I am very happy when people ask me about the g-suit. People very rarely consider that it may be for an illness. Some know it is a g-suit but do not know why I wear it. Others think it is for weight loss, fashion, hiding a puppy, floating, or a knee brace. They usually think it is for something very athletic and depending on the season, guesses include pants for parachuting, rock climbing, horseback riding, rodeo, motorcycling, bicycling, flying, hunting, or skiing.
Yes, my mom and I wore our g-suits but did not set off the metal detector at the airport.
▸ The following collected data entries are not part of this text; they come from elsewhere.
lemma tact_simple_tensor:
  assumes "s \<in> idx m n" "w \<in> vecs d" "p \<in> idx m n"
  shows "tact m n d rho p q (simple_tensor s w) = (\<lambda>s' j. (if q = s then 1 else 0) * simple_tensor p w s' j
     + (-1) ^ ((par m p + par m q) * par m s) * simple_tensor s (mv d (rho p q) w) s' j)"
  using assms by (auto simp: tact_def simple_tensor_def mv_def vecs_def fun_eq_iff)

text \<open>Both sides expand to <x_p, y_q> plus the same sum, as the sign in tact is symmetric
  in p and q.\<close>

lemma tform_tact_adjoint:
  assumes inv: "invariant_nondeg_form m n d rho G"
    and x: "x \<in> tvecs m n d" and y: "y \<in> tvecs m n d" and pq: "p \<in> idx m n" "q \<in> idx m n"
  shows "tform m n d G x (tact m n d rho p q y) = tform m n d G (tact m n d rho q p x) y"
proof -
  have xv: "\<And>s. x s \<in> vecs d" and yv: "\<And>s. y s \<in> vecs d"
    using x y by (auto simp: tvecs_def vecs_def)
  define sg where "sg s = ((-1::complex) ^ ((par m p + par m q) * par m s))" for s
  define rest where "rest s = sg s * wform d G (mv d (rho q p) (x s)) (y s)" for s
  have left: "wform d G (x s) (tact m n d rho p q y s)
      = (if s = p then wform d G (x p) (y q) else 0) + rest s" if s: "s \<in> idx m n" for s
  proof -
    have "wform d G (x s) (tact m n d rho p q y s) = cnj (if s = p then 1 else 0) * wform d G (x s) (y q)
        + cnj (sg s) * wform d G (x s) (mv d (rho p q) (y s))"
      unfolding tact_component[OF s y] sg_def[symmetric] by (simp only: wform_add_right wform_scale_right)
    then show ?thesis
      using invariant_nondeg_form_adjoint[OF inv pq(2,1) xv yv] by (simp add: sg_def rest_def)
  qed
  have right: "wform d G (tact m n d rho q p x s) (y s)
      = (if s = q then wform d G (x p) (y q) else 0) + rest s" if s: "s \<in> idx m n" for s
  proof -
    have "wform d G (tact m n d rho q p x s) (y s) = (if s = q then 1 else 0) * wform d G (x p) (y s)
        + sg s * wform d G (mv d (rho q p) (x s)) (y s)"
      unfolding tact_component[OF s x] by (simp only: wform_add_left wform_scale_left sg_def add.commute)
    then show ?thesis
      by (simp add: rest_def)
  qed
  have "tform m n d G x (tact m n d rho p q y) = wform d G (x p) (y q) + (\<Sum>s\<in>idx m n. rest s)"
    unfolding tform_def using pq by (simp add: left sum.distrib idx_def)
  also have "\<dots> = tform m n d G (tact m n d rho q p x) y"
    unfolding tform_def using pq by (simp add: right sum.distrib idx_def)
  finally show ?thesis .
qed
Even though the g-suit did not set off the metal detector, we still had to be hand searched. (It does not hurt when they push on the air bladders.) We try to tell the security guards what the g-suits are and why we need to wear them. I have a prescription slip from my doctor that I carry with me to travel. It says, "Must wear g-suit as medical device."
Yes, a g-suit is an anti-gravity garment worn by fighter pilots who fly high-performance aircraft like an F-16. When they are pulling positive G's, the suit inflates and prevents blood from pooling in their feet and legs which would cause them to lose consciousness. Fighter pilots wear a vest and special helmet, also. NASA astronauts also wear g-suits when they experience Orthostatic Intolerance (OI).
Fighter pilots experience so many G's that a g-suit, vest, and helmet are not enough to keep them safe. They need to also do an anti-G straining maneuver (AGSM). That involves tensing certain muscles in the legs and abdomen and using a special breathing technique.
Positive G's - positive G, +Gz, G-force, G forces, G's, Gs, G = gravity
Gravitational (G) forces are experienced on a roller coaster ride. At the bottom of the hill, several positive Gs (+Gz) push one back in the seat. It feels like several times one's body weight. It is usually not enough positive G forces to cause fainting in a healthy person. At the top of the hill, negative G forces lift one out of the seat and a feeling of weightlessness is experienced.